Exercise directions:
Select and copy out every line in the records containing "lemma".
· · · · · · ·
lemma closedin_converse:
  "closedin (prod_topology Y X) (R\<inverse>) \<longleftrightarrow> closedin (prod_topology X Y) R"
proof -
  have "R\<inverse> = (\<lambda>(x, y). (y, x)) ` R"
    by force
  moreover have "R\<inverse> \<subseteq> topspace (prod_topology Y X) \<longleftrightarrow> R \<subseteq> topspace (prod_topology X Y)"
    by auto
  ultimately show ?thesis
    using homeomorphic_map_closedness_eq[OF homeomorphic_map_swap, of X Y R] closedin_subset
    by metis
qed

lemma closedin_Image:
  assumes "compact_space X" "compact_space Y" "Hausdorff_space Y"
    and R: "closedin (prod_topology X Y) R" and K: "closedin X K"
  shows "closedin Y (R `` K)"
proof -
  have "R `` K = snd ` (R \<inter> (K \<times> topspace Y))"
    using closedin_subset[OF R] by force
  moreover have "closedin (prod_topology X Y) (R \<inter> (K \<times> topspace Y))"
    using R K by (intro closedin_Int) (auto simp: closedin_prod_Times_iff)
  then have "compactin (prod_topology X Y) (R \<inter> (K \<times> topspace Y))"
    using assms by (simp add: closedin_compact_space compact_space_prod_topology)
  then have "compactin Y (snd ` (R \<inter> (K \<times> topspace Y)))"
    by (rule image_compactin) (rule continuous_map_snd)
  ultimately show ?thesis
    using compactin_imp_closedin[OF assms(3)] by simp
qed

lemma openin_upper_inverse_image:
  assumes "compact_space X" "compact_space Y" "Hausdorff_space X"
    and R: "closedin (prod_topology X Y) R" and V: "openin Y V"
  shows "openin X {x \<in> topspace X. R `` {x} \<subseteq> V}"
proof -
  have "closedin X (R\<inverse> `` (topspace Y - V))"
    using assms by (intro closedin_Image) (auto simp: closedin_converse)
  moreover have "{x \<in> topspace X. R `` {x} \<subseteq> V} = topspace X - R\<inverse> `` (topspace Y - V)"
    using closedin_subset[OF R] by auto
  ultimately show ?thesis
    by (simp add: closedin_def)
qed

lemma exists_clopen_between:
  assumes "compact_space X" "zero_dim X" "closedin X K" "openin X W" "K \<subseteq> W"
  shows "\<exists>C\<in>clopens X. K \<subseteq> C \<and> C \<subseteq> W"
proof -
  let ?\<U> = "{C \<in> clopens X. C \<subseteq> W}"
  have "K \<subseteq> \<Union>?\<U>"
    using assms(2,4,5) unfolding zero_dim_def by blast
  moreover have "compactin X K"
    using assms closedin_compact_space by blast
  ultimately obtain \<F> where "finite \<F>" "\<F> \<subseteq> ?\<U>" "K \<subseteq> \<Union>\<F>"
    using compactinD[of X K ?\<U>] by (auto simp: clopens_def)
  then show ?thesis
    by (intro bexI[of _ "\<Union>\<F>"] clopens_Union) auto
qed

lemma exists_clopen_Image_subset:
  assumes "compact_space X" "Hausdorff_space X" "zero_dim X" "compact_space Y"
    and "closedin (prod_topology X Y) R" "closedin X K" "openin Y V" "R `` K \<subseteq> V"
  shows "\<exists>W\<in>clopens X. K \<subseteq> W \<and> R `` W \<subseteq> V"
proof -
  let ?O = "{x \<in> topspace X. R `` {x} \<subseteq> V}"
  have "openin X ?O"
    using assms by (intro openin_upper_inverse_image) auto
  moreover have "K \<subseteq> ?O"
    using assms(8) closedin_subset[OF assms(6)] by auto
  ultimately show ?thesis
    using exists_clopen_between[OF assms(1,3,6), of ?O] by blast
qed

lemma S_of_relcomp:
  assumes "compact_space X" "Stone_space Y" "compact_space Z"
    and R: "closedin (prod_topology X Y) R" and R': "closedin (prod_topology Y Z) R'"
  shows "S_of X Z (R O R') = S_of X Y R O S_of Y Z R'"
proof
  show "S_of X Y R O S_of Y Z R' \<subseteq> S_of X Z (R O R')"
    unfolding S_of_def by blast
next
  show "S_of X Z (R O R') \<subseteq> S_of X Y R O S_of Y Z R'"
  proof clarify
    fix U V assume "(U, V) \<in> S_of X Z (R O R')"
    then have U: "U \<in> clopens X" and V: "V \<in> clopens Z" and "R' `` (R `` U) \<subseteq> V"
      unfolding S_of_def by auto
    moreover have "closedin Y (R `` U)"
      using assms U by (intro closedin_Image) (auto simp: Stone_space_def clopens_def)
    ultimately obtain W where "W \<in> clopens Y" "R `` U \<subseteq> W" "R' `` W \<subseteq> V"
      using exists_clopen_Image_subset[of Y Z R' "R `` U" V] assms
      by (auto simp: Stone_space_def clopens_def)
    then show "(U, V) \<in> S_of X Y R O S_of Y Z R'"
      using U V unfolding S_of_def by blast
  qed
qed

definition clopen_nbhds :: "'a topology \<Rightarrow> 'a \<Rightarrow> 'a set set" where
  "clopen_nbhds X x = {U \<in> clopens X. x \<in> U}"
· · · · · · ·
Solved exercise:
lemma closedin_converse:
lemma closedin_Image:
lemma openin_upper_inverse_image:
lemma exists_clopen_between:
lemma exists_clopen_Image_subset:
lemma S_of_relcomp:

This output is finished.